DSC differential scanning calorimeter

DSC differential scanning calorimeterJanebetween

Differential scanning calorimeter is a thermal analysis technique that measures the temperature or time variation of the thermal flow difference (or power difference) between a sample and a reference sample per unit time under programmed temperature control. DSC Starry adopts a highly sensitive tower type heat flow sensor with a highly uniform pure silver furnace structure, achieving high-precision temperature control and heat flow measurement functions. This instrument is widely used in scientific research and industrial fields, from polymer materials, biomedicine, food science to metal materials, all of which can deeply explore their thermal performance characteristics, such as glass transition, melting, crystallization, thermal decomposition and other key processes. The user-friendly interface and powerful data analysis capabilities help users quickly obtain accurate results, optimize product performance and process conditions, making it an indispensable tool in materials science research.

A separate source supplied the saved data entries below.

theorem theorem2:
  fixes N :: nat and a T :: "nat \<Rightarrow> real" and Ptot :: real
  assumes "N \<ge> 1"
    and "\<forall>i<N. 0 < a i"
    and "\<forall>i<N. 0 \<le> T i"
    and "0 < Ptot"
  shows "(Ptot \<ge> (\<Sum>i<N. Pbar a T i) \<longrightarrow>
            optimal N a T Ptot (Pbar a T) \<and>
            (\<forall>P. optimal N a T Ptot P \<longleftrightarrow> (\<forall>i<N. P i = Pbar a T i)) \<and>
            Jstar N a T Ptot = 0 \<and>
            (\<Sum>i<N. Pbar a T i) \<le> Ptot \<and>
            (Ptot > (\<Sum>i<N. Pbar a T i) \<longrightarrow> (\<Sum>i<N. Pbar a T i) < Ptot))
       \<and> (Ptot < (\<Sum>i<N. Pbar a T i) \<longrightarrow>
            Jstar N a T Ptot > 0 \<and>
            (\<forall>P. optimal N a T Ptot P \<longrightarrow>
                 (\<Sum>i<N. P i) = Ptot \<and>
                 (\<forall>lam. kkt_multiplier N a T Ptot P lam \<longrightarrow> lam > 0)))"
proof (intro conjI impI allI)
  assume enough: "(\<Sum>i<N. Pbar a T i) \<le> Ptot"
  show optimal_Pbar: "optimal N a T Ptot (Pbar a T)"
    using optimal_iff_eq_Pbar[OF assms(2,3) enough] by blast
  show "optimal N a T Ptot P \<longleftrightarrow> (\<forall>i<N. P i = Pbar a T i)" for P
    using optimal_iff_eq_Pbar[OF assms(2,3) enough] .
  show "Jstar N a T Ptot = 0"
    using Jstar_eq_Jcost_if_optimal[OF optimal_Pbar] assms(2,3)
    by (simp add: Jcost_eq_0_iff Pbar_nonneg)
next
  assume short: "Ptot < (\<Sum>i<N. Pbar a T i)"
  show "0 < Jstar N a T Ptot"
    using Jstar_pos assms short by simp
  fix P
  assume optimal: "optimal N a T Ptot P"
  then show "(\<Sum>i<N. P i) = Ptot"
    using optimal_sum_eq_Ptot assms(2) short by blast
  obtain i where "i < N" "P i < Pbar a T i"
    using feasible_ex_below_Pbar[of N Ptot P] optimal short unfolding optimal_def by blast
  then show "0 < lam" if "kkt_multiplier N a T Ptot P lam" for lam
    using kkt_multiplier_pos_if_below_Pbar assms(2) that by blast
qed simp

end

DSC differential scanning calorimeterTest Standard

JJG 936 2012、GB/T 19466、ASTM E967-18

Product Specifications

Technical Specifications

Function Mode

Optional features

Product Features

Excellent thermal conductivity: Using high-purity silver furnace body to achieve excellent thermal conductivity efficiency, ensuring highly uniform temperature field of the sample and providing fast and accurate thermal response

Modulation Differential Scanning Calorimetry (MDSC) ™） Technology: Using high-precision temperature modulation technology, accurately decoupling reversible and irreversible heat flux signals, greatly improving the accuracy and information dimension of quantitative analysis of thermal effects.

Ultra high resolution thermal analysis: The ultra-high resolution DSC curve can clearly identify and characterize extremely weak thermal effects and complex transformation processes.

Intelligent and easy to operate: intuitive and intelligent interface design, greatly simplifying the operation process, improving efficiency and experience.

Wide material applicability: Fully compatible with various materials, seamlessly meeting diverse needs from basic scientific research innovation to industrial application landing.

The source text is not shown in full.